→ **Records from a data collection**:
┌──
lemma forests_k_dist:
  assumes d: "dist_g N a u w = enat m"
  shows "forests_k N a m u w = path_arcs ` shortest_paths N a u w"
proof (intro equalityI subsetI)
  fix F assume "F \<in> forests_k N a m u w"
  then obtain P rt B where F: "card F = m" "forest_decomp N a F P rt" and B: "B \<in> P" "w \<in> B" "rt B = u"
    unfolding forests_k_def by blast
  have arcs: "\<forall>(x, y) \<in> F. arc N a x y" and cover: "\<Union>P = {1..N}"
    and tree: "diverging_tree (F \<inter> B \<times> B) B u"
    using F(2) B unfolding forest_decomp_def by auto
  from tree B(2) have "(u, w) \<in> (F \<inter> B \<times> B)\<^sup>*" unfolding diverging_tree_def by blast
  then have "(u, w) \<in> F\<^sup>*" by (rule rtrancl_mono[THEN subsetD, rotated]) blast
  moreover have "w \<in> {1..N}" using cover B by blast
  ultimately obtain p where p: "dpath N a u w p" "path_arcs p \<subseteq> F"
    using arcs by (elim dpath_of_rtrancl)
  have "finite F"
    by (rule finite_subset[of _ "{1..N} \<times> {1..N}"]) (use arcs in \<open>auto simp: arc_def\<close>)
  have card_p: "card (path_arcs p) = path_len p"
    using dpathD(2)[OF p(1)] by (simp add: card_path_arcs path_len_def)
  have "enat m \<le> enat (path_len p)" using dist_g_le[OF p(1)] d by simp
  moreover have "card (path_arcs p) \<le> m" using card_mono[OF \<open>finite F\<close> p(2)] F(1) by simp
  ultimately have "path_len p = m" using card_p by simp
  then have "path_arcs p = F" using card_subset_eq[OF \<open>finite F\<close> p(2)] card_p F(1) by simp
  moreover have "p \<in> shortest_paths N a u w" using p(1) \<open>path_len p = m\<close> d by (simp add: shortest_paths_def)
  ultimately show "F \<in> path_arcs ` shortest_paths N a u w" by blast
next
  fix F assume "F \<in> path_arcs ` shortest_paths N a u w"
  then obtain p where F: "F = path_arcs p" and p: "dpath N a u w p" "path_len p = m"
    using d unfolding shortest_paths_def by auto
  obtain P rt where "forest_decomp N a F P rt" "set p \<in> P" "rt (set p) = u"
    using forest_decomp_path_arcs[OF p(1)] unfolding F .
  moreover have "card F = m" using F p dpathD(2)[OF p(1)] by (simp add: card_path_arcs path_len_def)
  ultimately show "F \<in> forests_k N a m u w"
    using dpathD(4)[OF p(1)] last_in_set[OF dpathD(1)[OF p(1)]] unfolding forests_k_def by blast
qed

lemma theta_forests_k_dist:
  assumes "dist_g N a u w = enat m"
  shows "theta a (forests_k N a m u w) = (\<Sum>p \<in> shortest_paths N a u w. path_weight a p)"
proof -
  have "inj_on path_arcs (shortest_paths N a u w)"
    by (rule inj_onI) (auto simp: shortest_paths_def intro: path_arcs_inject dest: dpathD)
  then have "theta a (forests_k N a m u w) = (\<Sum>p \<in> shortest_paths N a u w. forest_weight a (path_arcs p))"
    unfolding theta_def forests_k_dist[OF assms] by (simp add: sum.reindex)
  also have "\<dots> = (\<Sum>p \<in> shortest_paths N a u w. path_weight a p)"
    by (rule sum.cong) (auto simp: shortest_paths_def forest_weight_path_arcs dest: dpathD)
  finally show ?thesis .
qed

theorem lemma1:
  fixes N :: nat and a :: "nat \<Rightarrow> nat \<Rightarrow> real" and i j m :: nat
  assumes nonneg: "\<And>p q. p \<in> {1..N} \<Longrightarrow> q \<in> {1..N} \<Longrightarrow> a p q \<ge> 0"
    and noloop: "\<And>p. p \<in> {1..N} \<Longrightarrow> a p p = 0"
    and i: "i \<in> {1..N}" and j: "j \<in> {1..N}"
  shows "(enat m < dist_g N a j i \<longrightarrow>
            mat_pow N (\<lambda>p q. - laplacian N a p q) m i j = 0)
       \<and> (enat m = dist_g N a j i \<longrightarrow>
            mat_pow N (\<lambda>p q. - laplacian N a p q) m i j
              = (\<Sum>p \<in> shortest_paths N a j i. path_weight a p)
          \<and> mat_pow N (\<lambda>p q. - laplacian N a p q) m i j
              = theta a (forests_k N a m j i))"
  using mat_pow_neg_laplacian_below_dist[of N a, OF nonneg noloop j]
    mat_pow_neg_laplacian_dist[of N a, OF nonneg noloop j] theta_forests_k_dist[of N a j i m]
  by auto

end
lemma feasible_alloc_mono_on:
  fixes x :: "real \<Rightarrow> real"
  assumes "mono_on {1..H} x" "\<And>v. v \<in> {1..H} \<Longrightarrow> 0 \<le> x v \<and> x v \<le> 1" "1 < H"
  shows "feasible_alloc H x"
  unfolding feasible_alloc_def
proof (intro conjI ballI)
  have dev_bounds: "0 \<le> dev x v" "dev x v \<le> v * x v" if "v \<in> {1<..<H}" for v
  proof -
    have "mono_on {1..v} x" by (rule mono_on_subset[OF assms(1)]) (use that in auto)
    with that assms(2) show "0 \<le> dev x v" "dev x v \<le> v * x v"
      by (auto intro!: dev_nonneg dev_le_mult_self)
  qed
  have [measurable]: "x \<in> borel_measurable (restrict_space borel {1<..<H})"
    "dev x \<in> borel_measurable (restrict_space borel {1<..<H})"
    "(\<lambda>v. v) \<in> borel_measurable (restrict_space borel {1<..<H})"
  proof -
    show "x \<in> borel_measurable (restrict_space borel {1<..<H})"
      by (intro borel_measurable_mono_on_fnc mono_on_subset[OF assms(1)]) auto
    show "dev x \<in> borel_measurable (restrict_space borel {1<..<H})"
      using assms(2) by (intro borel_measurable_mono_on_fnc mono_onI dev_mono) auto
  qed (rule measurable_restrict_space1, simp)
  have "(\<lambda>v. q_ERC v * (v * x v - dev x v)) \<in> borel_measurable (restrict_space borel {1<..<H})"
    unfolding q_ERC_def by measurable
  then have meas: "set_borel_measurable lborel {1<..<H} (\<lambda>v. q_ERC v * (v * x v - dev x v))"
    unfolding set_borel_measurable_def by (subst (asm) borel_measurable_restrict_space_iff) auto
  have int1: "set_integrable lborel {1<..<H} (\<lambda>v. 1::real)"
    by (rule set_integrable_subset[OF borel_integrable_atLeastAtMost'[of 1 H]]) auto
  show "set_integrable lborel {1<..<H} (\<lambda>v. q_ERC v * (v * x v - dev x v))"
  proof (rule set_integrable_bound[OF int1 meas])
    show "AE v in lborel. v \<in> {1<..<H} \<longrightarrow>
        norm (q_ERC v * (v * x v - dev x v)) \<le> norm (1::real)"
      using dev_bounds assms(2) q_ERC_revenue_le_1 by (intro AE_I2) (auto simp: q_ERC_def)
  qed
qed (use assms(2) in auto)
└──
→ **WHAT THE TASK ASKS**:
Above are the records; copy exactly the lines from the line with "cover B by blast" through the line with "card_p by simp", both included.

→ **SOLUTION**:
  moreover have "w \<in> {1..N}" using cover B by blast
  ultimately obtain p where p: "dpath N a u w p" "path_arcs p \<subseteq> F"
    using arcs by (elim dpath_of_rtrancl)
  have "finite F"
    by (rule finite_subset[of _ "{1..N} \<times> {1..N}"]) (use arcs in \<open>auto simp: arc_def\<close>)
  have card_p: "card (path_arcs p) = path_len p"
    using dpathD(2)[OF p(1)] by (simp add: card_path_arcs path_len_def)
  have "enat m \<le> enat (path_len p)" using dist_g_le[OF p(1)] d by simp
  moreover have "card (path_arcs p) \<le> m" using card_mono[OF \<open>finite F\<close> p(2)] F(1) by simp
  ultimately have "path_len p = m" using card_p by simp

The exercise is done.